DOI: 10.4230/LIPIcs.APPROX/RANDOM.2025.25

Covering a Few Submodular Constraints and Applications

Authors: Tanvi Bajpai, Chandra Chekuri, and Pooja Kulkarni

Published in: LIPIcs, Volume 353, Approximation, Randomization, and Combinatorial Optimization. Algorithms and Techniques (APPROX/RANDOM 2025)

Abstract

We consider the problem of covering multiple submodular constraints. Given a finite ground set N, a cost function c: N → ℝ_+, r monotone submodular functions f_1,f_2,…,f_r over N and requirements b_1,b_2,…,b_r the goal is to find a minimum cost subset S ⊆ N such that f_i(S) ≥ b_i for 1 ≤ i ≤ r.
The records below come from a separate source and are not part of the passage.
(* Let $n\ge5$ be odd and let $\mathcal{S}_n$ be the regular $n$-gon state space. Then the maximum of $\bar P(\mathsf{M}^{(1)},\mathsf{M}^{(2)})$ over all pairs of compatible dichotomic measurements $\mathsf{M}^{(1)},\mathsf{M}^{(2)}$ on $\mathcal{S}_n$ equals $$\frac12\Big(1+\frac{1+\sec(\pi/n)}{4}\Big),$$ which is strictly larger than $\frac34$. In particular, there exist compatible dichotomic measurements on $\mathcal{S}_n$ with $\bar P(\mathsf{M}^{(1)},\mathsf{M}^{(2)})>\frac34$.
   Context: The regular $n$-gon state space $\mathcal{S}_n\subset\mathbb{R}^3$ is the convex hull of $s_j=(r_n\cos(2j\pi/n),\,r_n\sin(2j\pi/n),\,1)^T$, $j=1,\ldots,n$, with $r_n=\sqrt{\sec(\pi/n)}$. Effects are linear functionals $e$ on $\mathbb{R}^3$ with $0\le e\le1$ on $\mathcal{S}_n$; unit effect $u=(0,0,1)$; $\|f\|=\max_{s\in\mathcal{S}_n}|f(s)|$. A dichotomic measurement is a pair of effects $\mathsf{M}_+,\mathsf{M}_-$ with $\mathsf{M}_++\mathsf{M}_-=u$. Two dichotomic measurements are compatible if there exist effects $\mathsf{J}_{x,y}$, $x,y\in\{+,-\}$, with $\sum_y\mathsf{J}_{x,y}=\mathsf{M}^{(1)}_x$ and $\sum_x\mathsf{J}_{x,y}=\mathsf{M}^{(2)}_y$. $\bar P(\mathsf{M}^{(1)},\mathsf{M}^{(2)})=\frac18\sum_{x,y\in\{+,-\}}\|\mathsf{M}^{(1)}_x+\mathsf{M}^{(2)}_y\|$. *)

theory Defs
  imports "HOL-Analysis.Analysis"
begin
lemma kle_kmeetI: "kle B x a \<Longrightarrow> kle B x b \<Longrightarrow> kle B x (kmeet B a b)"
  using complete_lattice_rel_is_glb[OF complete_kle, of "{a, b}"]
  unfolding kmeet_def kMeet_def is_glb_def by blast

lemma ceval_kmono:
  "vle (kle B) v v' \<Longrightarrow> vle (kle B) w w' \<Longrightarrow> kle B (ceval B v w e \<phi>) (ceval B v' w' e \<phi>)"
proof (induction \<phi> arbitrary: e)
  case (NegLit p ts)
  then show ?case using negation unfolding is_negation_def vle_def by simp
next
  case (Conj a b) then show ?case using mono_fam_pair[OF mono_fam_kle(1)] by (simp add: tmeet_def)
next
  case (Disj a b) then show ?case using mono_fam_pair[OF mono_fam_kle(2)] by (simp add: tjoin_def)
next
  case (KMeetF a b) then show ?case using mono_fam_pair[OF mono_fam_kle(3)] by (simp add: kmeet_def)
next
  case (KJoinF a b) then show ?case using mono_fam_pair[OF mono_fam_kle(4)] by (simp add: kjoin_def)
next
  case (Ex x a) then show ?case by (simp, intro mono_fam_image[OF mono_fam_kle(2)]) auto
next
  case (All x a) then show ?case by (simp, intro mono_fam_image[OF mono_fam_kle(1)]) auto
qed (auto simp: vle_def partial_order_rel_refl[OF partial_order_kle])

lemma ceval_tmono:
  "vle (tle B) v v' \<Longrightarrow> tle B (ceval B v w e \<phi>) (ceval B v' w e \<phi>)"
proof (induction \<phi> arbitrary: e)
  case (Conj a b) then show ?case using mono_fam_pair[OF mono_fam_tle(1)] by (simp add: tmeet_def)
next
  case (Disj a b) then show ?case using mono_fam_pair[OF mono_fam_tle(2)] by (simp add: tjoin_def)
next
  case (KMeetF a b) then show ?case using mono_fam_pair[OF mono_fam_tle(3)] by (simp add: kmeet_def)
next
  case (KJoinF a b) then show ?case using mono_fam_pair[OF mono_fam_tle(4)] by (simp add: kjoin_def)
next
  case (Ex x a) then show ?case by (simp, intro mono_fam_image[OF mono_fam_tle(2)]) auto
next
  case (All x a) then show ?case by (simp, intro mono_fam_image[OF mono_fam_tle(1)]) auto
qed (auto simp: vle_def partial_order_rel_refl[OF partial_order_tle])

lemma Psi_kmono:
  "vle (kle B) v v' \<Longrightarrow> vle (kle B) w w' \<Longrightarrow> vle (kle B) (Psi B P \<alpha> v w) (Psi B P \<alpha> v' w')"
  by (rule Psi_mono) (use ceval_kmono partial_order_rel_refl[OF partial_order_kle] in auto)

lemma Psi_tmono: "vle (tle B) v v' \<Longrightarrow> vle (tle B) (Psi B P \<alpha> v w) (Psi B P \<alpha> v' w)"
  by (rule Psi_mono) (use ceval_tmono partial_order_rel_refl[OF partial_order_tle] in auto)

lemma Psi_CU_kle: "vle (kle B) (Psi B P CU v w) (Psi B P \<alpha> v w)"
  unfolding vle_def Psi_def
  by (auto simp: tval_of_def kle_bU partial_order_rel_refl[OF partial_order_kle])

lemma partial_order_fixpoint_order: "partial_order_rel (fixpoint_order B \<alpha>)"
  by (cases \<alpha>) (simp_all add: fixpoint_order_def partial_order_tle partial_order_kle
      partial_order_rel_converse)

lemma is_lub_fixpoint_join: "is_lub (fixpoint_order B \<alpha>) S (fixpoint_join B \<alpha> S)"
  by (cases \<alpha>) (simp_all add: fixpoint_order_def fixpoint_join_def
      is_lub_converse[of "tle B"] is_lub_converse[of "kle B"]
      tJoin_def tMeet_def kJoin_def kMeet_def complete_lattice_rel_is_lub complete_lattice_rel_is_glb
      complete_tle complete_kle)

lemma mono_fam_kle_fixpoint_join: "mono_fam (kle B) (fixpoint_join B \<alpha>)"
  by (cases \<alpha>) (simp_all add: fixpoint_join_def mono_fam_kle)

lemma vle_kle_refl: "vle (kle B) v v"
  using partial_order_rel_refl[OF partial_order_rel_vle[OF partial_order_kle]] .

lemma Psi_mono_fixpoint_order:
  "monotone (vle (fixpoint_order B \<alpha>)) (vle (fixpoint_order B \<alpha>)) (\<lambda>x. Psi B P \<alpha> x v)"
proof (cases \<alpha>)
  case CF then show ?thesis by (simp add: fixpoint_order_def monotone_def Psi_tmono)
next
  case CT then show ?thesis
    by (simp add: fixpoint_order_def monotone_def vle_converse[of "tle B"] Psi_tmono)
next
  case CU then show ?thesis
    by (simp add: fixpoint_order_def monotone_def Psi_kmono vle_kle_refl)
next
  case CI then show ?thesis
    by (simp add: fixpoint_order_def monotone_def vle_converse[of "kle B"] Psi_kmono vle_kle_refl)
qed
When r = 1 this is the well-known Submodular Set Cover problem. Previous work [Chekuri et al., 2022] considered the setting when r is large and developed bi-criteria approximation algorithms, and approximation algorithms for the important special case when each f_i is a weighted coverage function. These are fairly general models and capture several concrete and interesting problems as special cases. The approximation ratios for these problem are at least Ω(log r) which is unavoidable when r is part of the input. In this paper, motivated by some recent applications, we consider the problem when r is a fixed constant and obtain two main results. When the f_i are weighted coverage functions from a deletion-closed set system we obtain a (1+ε)(e/(e-1))(1+β)-approximation where β is the approximation ratio for the underlying set cover instances via the natural LP. Second, for covering multiple submodular constraints we obtain a randomized bi-criteria approximation algorithm that for any given integer α ≥ 1 outputs a set S such that f_i(S) ≥ (1-1/e^α-ε)b_i for each i ∈ [r] and 𝔼[c(S)] ≤ (1+ε)α ⋅ OPT. These results show that one can obtain nearly as good an approximation for any fixed r as what one would achieve for r = 1. We also demonstrate applications of our results to implicit covering problems such as fair facility location.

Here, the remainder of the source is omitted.